§ **PROVIDED DATA**
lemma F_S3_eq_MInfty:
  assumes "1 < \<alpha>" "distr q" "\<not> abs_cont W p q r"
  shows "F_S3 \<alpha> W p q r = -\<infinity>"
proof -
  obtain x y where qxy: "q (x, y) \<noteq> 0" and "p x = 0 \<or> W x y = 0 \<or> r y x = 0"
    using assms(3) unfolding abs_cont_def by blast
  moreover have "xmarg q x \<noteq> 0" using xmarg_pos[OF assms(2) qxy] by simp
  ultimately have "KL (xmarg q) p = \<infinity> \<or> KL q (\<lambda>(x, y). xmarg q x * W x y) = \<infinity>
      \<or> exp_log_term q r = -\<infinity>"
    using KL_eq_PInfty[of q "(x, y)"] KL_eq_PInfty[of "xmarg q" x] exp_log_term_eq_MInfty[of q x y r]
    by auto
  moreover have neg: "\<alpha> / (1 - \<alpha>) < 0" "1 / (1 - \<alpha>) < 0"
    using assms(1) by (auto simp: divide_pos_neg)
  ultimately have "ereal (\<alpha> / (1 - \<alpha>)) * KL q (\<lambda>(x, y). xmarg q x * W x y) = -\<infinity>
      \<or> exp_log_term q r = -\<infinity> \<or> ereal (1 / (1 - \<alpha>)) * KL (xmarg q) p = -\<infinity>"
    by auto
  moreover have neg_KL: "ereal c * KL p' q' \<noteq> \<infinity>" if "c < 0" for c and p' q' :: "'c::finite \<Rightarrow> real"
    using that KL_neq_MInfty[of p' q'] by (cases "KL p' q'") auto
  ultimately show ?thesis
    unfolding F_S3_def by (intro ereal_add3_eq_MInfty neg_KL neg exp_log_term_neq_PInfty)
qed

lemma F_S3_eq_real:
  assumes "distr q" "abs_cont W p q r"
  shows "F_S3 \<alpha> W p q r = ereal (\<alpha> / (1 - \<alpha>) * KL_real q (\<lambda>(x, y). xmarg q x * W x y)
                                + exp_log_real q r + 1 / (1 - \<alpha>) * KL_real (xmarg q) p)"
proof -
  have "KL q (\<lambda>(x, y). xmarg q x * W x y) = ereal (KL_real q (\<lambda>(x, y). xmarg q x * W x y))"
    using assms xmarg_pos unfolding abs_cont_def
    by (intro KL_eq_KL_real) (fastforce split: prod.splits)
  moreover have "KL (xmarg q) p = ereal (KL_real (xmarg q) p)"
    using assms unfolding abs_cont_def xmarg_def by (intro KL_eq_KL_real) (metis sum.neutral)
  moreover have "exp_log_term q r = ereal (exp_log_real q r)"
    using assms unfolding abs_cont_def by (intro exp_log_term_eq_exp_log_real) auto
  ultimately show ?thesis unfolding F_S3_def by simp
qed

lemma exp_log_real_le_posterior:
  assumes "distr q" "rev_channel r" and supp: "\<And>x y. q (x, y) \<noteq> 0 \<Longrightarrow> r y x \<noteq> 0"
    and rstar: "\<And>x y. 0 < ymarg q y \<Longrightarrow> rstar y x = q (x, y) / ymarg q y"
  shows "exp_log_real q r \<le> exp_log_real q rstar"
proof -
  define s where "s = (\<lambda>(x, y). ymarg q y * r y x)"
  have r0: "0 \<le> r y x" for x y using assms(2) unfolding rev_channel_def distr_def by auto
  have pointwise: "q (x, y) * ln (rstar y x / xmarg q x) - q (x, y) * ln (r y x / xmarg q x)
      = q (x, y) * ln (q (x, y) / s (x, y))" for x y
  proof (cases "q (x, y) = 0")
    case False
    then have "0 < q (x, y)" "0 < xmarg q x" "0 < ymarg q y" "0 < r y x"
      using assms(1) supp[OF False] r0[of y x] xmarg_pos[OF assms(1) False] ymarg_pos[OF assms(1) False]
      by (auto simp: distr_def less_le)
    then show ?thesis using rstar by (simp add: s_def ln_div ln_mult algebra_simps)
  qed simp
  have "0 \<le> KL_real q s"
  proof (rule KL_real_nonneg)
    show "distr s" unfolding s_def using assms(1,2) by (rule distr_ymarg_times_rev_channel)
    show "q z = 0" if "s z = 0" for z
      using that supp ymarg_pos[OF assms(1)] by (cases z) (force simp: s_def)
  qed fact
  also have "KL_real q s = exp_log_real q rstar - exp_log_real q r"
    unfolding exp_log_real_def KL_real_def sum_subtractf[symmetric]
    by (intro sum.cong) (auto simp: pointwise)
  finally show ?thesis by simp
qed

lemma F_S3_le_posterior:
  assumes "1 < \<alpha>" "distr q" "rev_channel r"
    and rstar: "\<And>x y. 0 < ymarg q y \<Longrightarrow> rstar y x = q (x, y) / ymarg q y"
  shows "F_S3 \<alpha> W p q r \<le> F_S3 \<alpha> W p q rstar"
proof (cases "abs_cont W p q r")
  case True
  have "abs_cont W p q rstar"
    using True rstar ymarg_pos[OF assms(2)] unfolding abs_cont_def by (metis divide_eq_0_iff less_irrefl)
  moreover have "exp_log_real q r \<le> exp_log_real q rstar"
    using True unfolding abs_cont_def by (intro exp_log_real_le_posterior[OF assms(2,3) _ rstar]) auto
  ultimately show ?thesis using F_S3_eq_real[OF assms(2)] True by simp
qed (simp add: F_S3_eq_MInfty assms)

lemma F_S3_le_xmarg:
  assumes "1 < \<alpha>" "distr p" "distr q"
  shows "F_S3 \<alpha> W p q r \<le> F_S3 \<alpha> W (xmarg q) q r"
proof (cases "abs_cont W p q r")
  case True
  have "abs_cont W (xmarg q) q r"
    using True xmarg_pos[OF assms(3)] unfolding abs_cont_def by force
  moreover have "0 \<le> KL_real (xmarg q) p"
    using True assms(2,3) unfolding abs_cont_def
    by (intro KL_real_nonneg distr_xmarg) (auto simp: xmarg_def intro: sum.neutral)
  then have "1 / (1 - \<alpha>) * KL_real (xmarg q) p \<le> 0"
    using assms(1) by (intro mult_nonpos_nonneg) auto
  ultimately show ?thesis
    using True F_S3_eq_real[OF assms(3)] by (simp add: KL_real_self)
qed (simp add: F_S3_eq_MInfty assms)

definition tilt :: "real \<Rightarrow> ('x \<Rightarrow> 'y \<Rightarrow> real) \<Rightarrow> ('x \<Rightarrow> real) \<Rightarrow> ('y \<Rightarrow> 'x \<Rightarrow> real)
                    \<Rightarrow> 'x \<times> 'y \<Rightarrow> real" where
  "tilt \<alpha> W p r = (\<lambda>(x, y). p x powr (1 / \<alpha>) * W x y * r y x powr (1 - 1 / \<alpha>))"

--

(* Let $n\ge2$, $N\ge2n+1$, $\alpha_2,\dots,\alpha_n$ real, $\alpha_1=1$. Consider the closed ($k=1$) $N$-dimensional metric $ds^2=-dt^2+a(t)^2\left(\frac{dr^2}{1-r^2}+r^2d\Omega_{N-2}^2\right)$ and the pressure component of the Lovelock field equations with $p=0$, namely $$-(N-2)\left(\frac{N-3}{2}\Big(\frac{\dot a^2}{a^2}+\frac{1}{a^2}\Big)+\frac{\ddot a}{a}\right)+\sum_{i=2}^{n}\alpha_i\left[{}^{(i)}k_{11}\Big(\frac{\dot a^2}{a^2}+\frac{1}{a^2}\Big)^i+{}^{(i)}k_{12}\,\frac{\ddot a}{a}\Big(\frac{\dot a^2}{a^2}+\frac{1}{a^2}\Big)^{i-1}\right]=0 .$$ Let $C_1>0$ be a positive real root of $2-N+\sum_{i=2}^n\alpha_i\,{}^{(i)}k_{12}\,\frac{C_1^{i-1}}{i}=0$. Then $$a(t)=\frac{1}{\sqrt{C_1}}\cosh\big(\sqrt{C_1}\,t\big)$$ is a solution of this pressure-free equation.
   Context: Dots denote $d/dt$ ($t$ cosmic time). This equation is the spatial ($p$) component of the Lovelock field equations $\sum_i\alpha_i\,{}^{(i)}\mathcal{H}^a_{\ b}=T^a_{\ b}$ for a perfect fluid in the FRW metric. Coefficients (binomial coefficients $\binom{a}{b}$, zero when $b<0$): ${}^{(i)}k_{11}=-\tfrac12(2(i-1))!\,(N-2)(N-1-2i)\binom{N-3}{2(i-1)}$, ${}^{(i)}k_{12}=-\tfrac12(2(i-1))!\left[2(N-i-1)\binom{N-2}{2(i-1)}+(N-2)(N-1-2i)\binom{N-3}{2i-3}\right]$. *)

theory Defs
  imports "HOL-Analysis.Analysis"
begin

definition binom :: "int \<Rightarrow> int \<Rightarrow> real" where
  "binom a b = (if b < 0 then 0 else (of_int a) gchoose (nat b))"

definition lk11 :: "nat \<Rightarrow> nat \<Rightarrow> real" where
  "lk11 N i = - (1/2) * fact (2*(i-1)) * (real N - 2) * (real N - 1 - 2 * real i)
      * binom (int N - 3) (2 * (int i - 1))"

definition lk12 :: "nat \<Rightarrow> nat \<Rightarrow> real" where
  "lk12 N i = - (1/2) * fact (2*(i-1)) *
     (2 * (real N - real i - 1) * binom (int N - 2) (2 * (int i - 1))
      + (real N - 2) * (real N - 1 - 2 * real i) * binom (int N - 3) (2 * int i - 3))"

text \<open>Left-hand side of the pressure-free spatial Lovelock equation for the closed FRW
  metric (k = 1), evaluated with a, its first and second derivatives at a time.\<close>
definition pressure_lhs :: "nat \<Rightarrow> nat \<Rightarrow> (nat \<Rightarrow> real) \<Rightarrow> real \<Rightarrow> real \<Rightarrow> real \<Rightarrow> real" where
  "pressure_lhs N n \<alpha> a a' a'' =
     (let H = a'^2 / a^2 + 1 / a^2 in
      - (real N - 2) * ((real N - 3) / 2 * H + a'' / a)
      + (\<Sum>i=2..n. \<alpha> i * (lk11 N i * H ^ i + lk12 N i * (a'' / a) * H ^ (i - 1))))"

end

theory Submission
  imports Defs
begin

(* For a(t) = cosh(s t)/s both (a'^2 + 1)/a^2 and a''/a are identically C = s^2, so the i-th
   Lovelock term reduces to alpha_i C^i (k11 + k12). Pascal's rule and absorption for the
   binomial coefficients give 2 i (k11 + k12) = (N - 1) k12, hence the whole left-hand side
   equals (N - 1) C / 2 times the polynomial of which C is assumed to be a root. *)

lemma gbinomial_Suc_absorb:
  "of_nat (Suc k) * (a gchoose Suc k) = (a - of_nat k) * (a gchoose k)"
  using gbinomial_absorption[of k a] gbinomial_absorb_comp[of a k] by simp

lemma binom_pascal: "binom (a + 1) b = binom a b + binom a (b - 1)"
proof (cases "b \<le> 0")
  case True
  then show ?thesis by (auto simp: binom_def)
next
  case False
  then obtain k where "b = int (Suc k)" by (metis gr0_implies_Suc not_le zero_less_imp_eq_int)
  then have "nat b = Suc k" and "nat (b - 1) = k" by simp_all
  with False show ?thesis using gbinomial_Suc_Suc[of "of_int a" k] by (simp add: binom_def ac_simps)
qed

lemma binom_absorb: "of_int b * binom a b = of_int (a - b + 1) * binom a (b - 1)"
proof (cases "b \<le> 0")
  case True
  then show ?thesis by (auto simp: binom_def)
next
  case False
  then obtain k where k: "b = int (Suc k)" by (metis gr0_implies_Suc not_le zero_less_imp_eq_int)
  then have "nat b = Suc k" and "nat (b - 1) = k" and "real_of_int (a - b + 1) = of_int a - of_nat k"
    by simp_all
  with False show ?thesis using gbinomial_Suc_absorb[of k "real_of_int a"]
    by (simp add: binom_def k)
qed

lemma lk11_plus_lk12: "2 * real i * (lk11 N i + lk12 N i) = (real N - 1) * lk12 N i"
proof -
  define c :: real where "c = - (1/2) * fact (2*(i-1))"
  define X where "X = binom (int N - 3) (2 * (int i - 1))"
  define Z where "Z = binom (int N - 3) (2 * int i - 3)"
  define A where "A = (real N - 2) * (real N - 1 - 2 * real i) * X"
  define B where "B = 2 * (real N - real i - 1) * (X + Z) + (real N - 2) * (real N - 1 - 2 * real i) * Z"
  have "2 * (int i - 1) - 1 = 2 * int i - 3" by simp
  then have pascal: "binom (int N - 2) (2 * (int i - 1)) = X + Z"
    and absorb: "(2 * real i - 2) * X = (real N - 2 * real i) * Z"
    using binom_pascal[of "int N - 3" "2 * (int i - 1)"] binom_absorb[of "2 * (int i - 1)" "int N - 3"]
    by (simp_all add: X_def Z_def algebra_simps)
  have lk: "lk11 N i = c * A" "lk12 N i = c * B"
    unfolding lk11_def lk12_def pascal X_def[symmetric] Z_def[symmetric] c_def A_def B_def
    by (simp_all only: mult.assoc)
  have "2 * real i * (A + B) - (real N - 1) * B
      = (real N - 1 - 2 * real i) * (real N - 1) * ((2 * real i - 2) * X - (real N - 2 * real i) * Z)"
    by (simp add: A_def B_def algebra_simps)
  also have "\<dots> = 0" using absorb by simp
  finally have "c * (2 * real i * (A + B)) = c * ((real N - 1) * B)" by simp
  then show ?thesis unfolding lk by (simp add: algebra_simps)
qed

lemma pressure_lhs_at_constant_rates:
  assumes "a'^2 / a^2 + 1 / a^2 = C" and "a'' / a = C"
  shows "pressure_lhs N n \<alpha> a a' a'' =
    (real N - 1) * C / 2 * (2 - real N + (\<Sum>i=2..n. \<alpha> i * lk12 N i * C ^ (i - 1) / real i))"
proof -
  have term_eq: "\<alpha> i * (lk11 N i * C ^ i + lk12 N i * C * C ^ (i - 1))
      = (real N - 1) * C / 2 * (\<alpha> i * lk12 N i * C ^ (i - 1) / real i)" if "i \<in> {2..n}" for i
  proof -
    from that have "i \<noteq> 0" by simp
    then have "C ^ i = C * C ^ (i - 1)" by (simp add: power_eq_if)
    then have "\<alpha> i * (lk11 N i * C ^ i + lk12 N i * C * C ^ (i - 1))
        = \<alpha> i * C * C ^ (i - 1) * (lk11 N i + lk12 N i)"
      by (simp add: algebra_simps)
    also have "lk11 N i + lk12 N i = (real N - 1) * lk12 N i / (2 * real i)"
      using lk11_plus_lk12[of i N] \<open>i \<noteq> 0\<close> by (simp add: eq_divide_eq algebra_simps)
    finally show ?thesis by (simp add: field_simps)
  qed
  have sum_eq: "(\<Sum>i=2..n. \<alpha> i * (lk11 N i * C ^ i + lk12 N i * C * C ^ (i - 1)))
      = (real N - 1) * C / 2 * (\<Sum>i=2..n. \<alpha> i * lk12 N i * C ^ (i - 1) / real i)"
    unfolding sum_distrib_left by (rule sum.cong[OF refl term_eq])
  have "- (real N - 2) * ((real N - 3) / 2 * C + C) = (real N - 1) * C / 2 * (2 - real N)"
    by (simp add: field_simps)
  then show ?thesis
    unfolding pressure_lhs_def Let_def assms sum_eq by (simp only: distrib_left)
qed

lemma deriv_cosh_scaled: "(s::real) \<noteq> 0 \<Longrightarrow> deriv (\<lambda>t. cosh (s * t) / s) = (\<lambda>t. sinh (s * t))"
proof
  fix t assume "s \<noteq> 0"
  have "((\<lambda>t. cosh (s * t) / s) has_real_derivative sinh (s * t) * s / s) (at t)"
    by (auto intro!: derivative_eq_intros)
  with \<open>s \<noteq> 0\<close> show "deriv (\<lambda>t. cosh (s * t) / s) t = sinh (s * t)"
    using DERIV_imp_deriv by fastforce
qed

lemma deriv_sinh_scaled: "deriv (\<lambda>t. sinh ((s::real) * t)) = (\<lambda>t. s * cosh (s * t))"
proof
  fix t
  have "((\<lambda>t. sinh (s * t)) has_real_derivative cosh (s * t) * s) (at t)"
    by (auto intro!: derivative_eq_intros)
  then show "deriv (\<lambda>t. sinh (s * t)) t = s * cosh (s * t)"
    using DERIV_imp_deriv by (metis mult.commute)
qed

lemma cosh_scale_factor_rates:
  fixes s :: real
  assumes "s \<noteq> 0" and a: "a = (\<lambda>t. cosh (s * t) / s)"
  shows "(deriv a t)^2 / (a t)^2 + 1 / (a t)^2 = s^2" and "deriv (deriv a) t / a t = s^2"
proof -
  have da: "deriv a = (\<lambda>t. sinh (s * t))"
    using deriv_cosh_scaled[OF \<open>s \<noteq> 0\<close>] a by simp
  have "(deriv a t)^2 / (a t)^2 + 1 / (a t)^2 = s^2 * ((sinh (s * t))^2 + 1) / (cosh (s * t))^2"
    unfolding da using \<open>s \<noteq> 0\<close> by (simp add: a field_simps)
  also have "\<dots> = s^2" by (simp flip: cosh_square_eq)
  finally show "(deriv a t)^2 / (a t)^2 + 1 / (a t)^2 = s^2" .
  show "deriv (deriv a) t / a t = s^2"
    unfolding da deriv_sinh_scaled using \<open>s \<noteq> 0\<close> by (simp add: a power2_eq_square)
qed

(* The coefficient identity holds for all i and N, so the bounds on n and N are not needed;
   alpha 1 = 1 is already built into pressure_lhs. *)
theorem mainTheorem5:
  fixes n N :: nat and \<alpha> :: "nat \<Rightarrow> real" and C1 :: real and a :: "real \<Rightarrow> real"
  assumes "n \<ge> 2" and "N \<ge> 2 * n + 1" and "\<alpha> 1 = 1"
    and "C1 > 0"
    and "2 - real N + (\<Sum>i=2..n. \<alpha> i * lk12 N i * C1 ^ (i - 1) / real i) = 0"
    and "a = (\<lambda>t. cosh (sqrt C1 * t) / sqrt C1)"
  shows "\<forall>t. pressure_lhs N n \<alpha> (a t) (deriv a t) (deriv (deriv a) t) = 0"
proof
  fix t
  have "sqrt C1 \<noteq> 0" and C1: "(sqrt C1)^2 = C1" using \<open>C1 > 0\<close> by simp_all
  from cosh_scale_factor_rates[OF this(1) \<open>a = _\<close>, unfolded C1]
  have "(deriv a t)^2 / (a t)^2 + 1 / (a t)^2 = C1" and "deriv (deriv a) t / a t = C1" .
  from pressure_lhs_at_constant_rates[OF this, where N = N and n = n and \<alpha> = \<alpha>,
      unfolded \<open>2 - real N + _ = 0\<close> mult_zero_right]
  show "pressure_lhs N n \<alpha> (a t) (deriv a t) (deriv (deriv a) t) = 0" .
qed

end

§ **TASK DESCRIPTION**
Copy each line of the entries in which the string "fastforce" is found.

§ **ANSWER FOR THE TASK**
    by (intro KL_eq_KL_real) (fastforce split: prod.splits)
    using DERIV_imp_deriv by fastforce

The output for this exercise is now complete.